-------- Available data
(* Let $n\ge1$, let $K$ be the uniform Kasteleyn matrix of the Aztec diamond of size $n$, $G_n(\mathtt{w},\mathtt{b})=\sum_{x\in\mathtt{W},y\in\mathtt{B}}K^{-1}(x,y)w_1^{x_1}w_2^{x_2}b_1^{y_1}b_2^{y_2}$, and for $k,l\in\{0,1\}$ $$H^{k,l}_n(\mathtt{w},\mathtt{b})=\sum_{\substack{1\le x_1\le 2n-1,\ x_1\text{ odd}\\1\le y_2\le 2n-1,\ y_2\text{ odd}}}K^{-1}((x_1,2nk),(2nl,y_2))\,w_1^{x_1}w_2^{2nk}b_1^{2nl}b_2^{y_2}.$$ Then, writing $H^{k,l}_n=H^{k,l}_n(\mathtt{w},\mathtt{b})$ and $C(r_1,r_2)=1+r_1^2r_2^2+\mathrm{i}(r_1^2+r_2^2)$, $$\begin{aligned}G_n(\mathtt{w},\mathtt{b})=&\ \frac{w_1w_2^2b_2f_{n+1}(w_1^2b_1^2)f_n(w_2^2b_2^2)}{C(w_1,w_2)}\\&+(1+\mathrm{i}w_1^2)\frac{(1+\mathrm{i}b_2^2)H^{0,0}_n+b_1^2\big(b_2w_1f_n(b_1^2w_1^2)+(\mathrm{i}+b_2^2)H^{0,1}_n\big)}{C(w_1,w_2)C(b_1,b_2)}\\&+(\mathrm{i}+w_1^2)w_2^2\frac{b_1^2b_2^{2n+1}w_1w_2^{2n}f_n(b_1^2w_1^2)+(1+\mathrm{i}b_2^2)H^{1,0}_n+b_1^2(\mathrm{i}+b_2^2)H^{1,1}_n}{C(w_1,w_2)C(b_1,b_2)}.\end{aligned}$$
   Context: $\mathrm{i}=\sqrt{-1}$. $\mathtt{W}=\{(x_1,x_2): x_1\text{ odd},\ x_2\text{ even},\ 1\le x_1\le 2n-1,\ 0\le x_2\le 2n\}$, $\mathtt{B}=\{(x_1,x_2): x_1\text{ even},\ x_2\text{ odd},\ 0\le x_1\le 2n,\ 1\le x_2\le 2n-1\}$, $e_1=(1,1)$, $e_2=(-1,1)$. The uniform Kasteleyn matrix has rows indexed by $\mathtt{B}$, columns by $\mathtt{W}$, and $K(x,y)=1$ if $x-y=\pm e_1$, $K(x,y)=\mathrm{i}$ if $x-y=\pm e_2$, $0$ otherwise. $f_n(t)=(1-t^n)/(1-t)$. *)

theory Defs
  imports Complex_Main
begin

definition Wset :: "nat \<Rightarrow> (int \<times> int) set" where
  "Wset n = {(x1, x2). odd x1 \<and> even x2 \<and> 1 \<le> x1 \<and> x1 \<le> 2 * int n - 1 \<and> 0 \<le> x2 \<and> x2 \<le> 2 * int n}"
(* For any strict pin words $u$ and $w$, $u\preceq w$ if and only if $\phi(u)$ is a factor of $\phi(w)$.
   Context: Pins are points of $\mathbb{Z}^2$. A pin $p$ separates a set $P$ from a set $Q$ horizontally (resp. vertically) if the horizontal (resp. vertical) line through $p$ has $P$ strictly on one side and $Q$ strictly on the other. A pin sequence is a sequence $(p_1,\dots,p_k)$ of pins, no two in a common row or column, such that for every $i\ge2$, $p_i$ lies outside the bounding box of $\{p_1,\dots,p_{i-1}\}$ and either $p_i$ separates $p_{i-1}$ from $\{p_1,\dots,p_{i-2}\}$ or $p_i$ is independent from $\{p_1,\dots,p_{i-1}\}$. Pin words: given a pin sequence $(p_1,\dots,p_n)$ and an origin $p_0$ such that $(p_0,\dots,p_n)$ is a pin sequence, each $p_i$ ($i\ge1$) is encoded by $U$ (resp. $D,L,R$) if $p_i$ separates $p_{i-1}$ from $\{p_0,\dots,p_{i-2}\}$ and lies above (resp. below, left of, right of) the bounding box of $\{p_0,\dots,p_{i-1}\}$, and by $1$ (resp. $2,3,4$) if $p_i$ is independent from $\{p_0,\dots,p_{i-1}\}$ and lies in the up-right (resp. up-left, bottom-left, bottom-right) corner region of that bounding box; the point $p_i$ is said to correspond to the $i$-th letter. Letters $1,2,3,4$ are numerals, $U,D,L,R$ directions. A strict pin word is a pin word of length $\ge2$ whose first letter is a numeral and all others directions. A point $x$ lies in quadrant $1$ (resp. $2,3,4$) with respect to a set $S$ if it is above and to the right of (resp. above-left, below-left, below-right of) all points of $S$. Order $\preceq$ on pin words: write $u=u^{(1)}\cdots u^{(j)}$ as a product of strong numeral-led factors (each a numeral followed by any number of directions). Then $u\preceq w$ if $w$ can be written $w=v^{(1)}w^{(1)}\cdots v^{(j)}w^{(j)}v^{(j+1)}$ such that for each $i$: if $w^{(i)}$ begins with a numeral then $w^{(i)}=u^{(i)}$; if $w^{(i)}$ begins with a direction, then $v^{(i)}$ is nonempty, the point $p_k$ corresponding to the first letter of $w^{(i)}$ (in the pin sequence of $w$) lies in the quadrant given by the first letter of $u^{(i)}$ with respect to $\{p_0,\dots,p_{k-2}\}$, and all other letters of $u^{(i)}$ and $w^{(i)}$ agree. For a strict pin word $u=u'u''$ with $|u'|=2$, $\phi(u)=\varphi(u')u''$ with $\varphi$: $1R\mapsto RUR$, $2R\mapsto LUR$, $3R\mapsto LDR$, $4R\mapsto RDR$, $1L\mapsto RUL$, $2L\mapsto LUL$, $3L\mapsto LDL$, $4L\mapsto RDL$, $1U\mapsto URU$, $2U\mapsto ULU$, $3U\mapsto DLU$, $4U\mapsto DRU$, $1D\mapsto URD$, $2D\mapsto ULD$, $3D\mapsto DLD$, $4D\mapsto DRD$. A factor is a contiguous subword. *)

theory Defs
  imports Main "HOL-Library.Sublist"
begin

type_synonym pin = "int \<times> int"

datatype letter = N1 | N2 | N3 | N4 | U | D | L | R

definition is_numeral :: "letter \<Rightarrow> bool" where
  "is_numeral c \<longleftrightarrow> c \<in> {N1, N2, N3, N4}"

definition is_direction :: "letter \<Rightarrow> bool" where
  "is_direction c \<longleftrightarrow> c \<in> {U, D, L, R}"

definition above :: "pin \<Rightarrow> pin set \<Rightarrow> bool" where
  "above p S \<longleftrightarrow> (\<forall>q\<in>S. snd q < snd p)"
definition below :: "pin \<Rightarrow> pin set \<Rightarrow> bool" where
  "below p S \<longleftrightarrow> (\<forall>q\<in>S. snd p < snd q)"
definition left_of :: "pin \<Rightarrow> pin set \<Rightarrow> bool" where
  "left_of p S \<longleftrightarrow> (\<forall>q\<in>S. fst p < fst q)"
definition right_of :: "pin \<Rightarrow> pin set \<Rightarrow> bool" where
  "right_of p S \<longleftrightarrow> (\<forall>q\<in>S. fst q < fst p)"

definition outside_bbox :: "pin \<Rightarrow> pin set \<Rightarrow> bool" where
  "outside_bbox p S \<longleftrightarrow> above p S \<or> below p S \<or> left_of p S \<or> right_of p S"

fun quadrant :: "letter \<Rightarrow> pin \<Rightarrow> pin set \<Rightarrow> bool" where
  "quadrant N1 p S \<longleftrightarrow> above p S \<and> right_of p S"
| "quadrant N2 p S \<longleftrightarrow> above p S \<and> left_of p S"
| "quadrant N3 p S \<longleftrightarrow> below p S \<and> left_of p S"
| "quadrant N4 p S \<longleftrightarrow> below p S \<and> right_of p S"
| "quadrant _ p S \<longleftrightarrow> False"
----------------
**Work to complete:** Taking the records above as input, show every line in which the word "forall" is present.

**Response area:**
  "above p S \<longleftrightarrow> (\<forall>q\<in>S. snd q < snd p)"
  "below p S \<longleftrightarrow> (\<forall>q\<in>S. snd p < snd q)"
  "left_of p S \<longleftrightarrow> (\<forall>q\<in>S. fst p < fst q)"
  "right_of p S \<longleftrightarrow> (\<forall>q\<in>S. fst q < fst p)"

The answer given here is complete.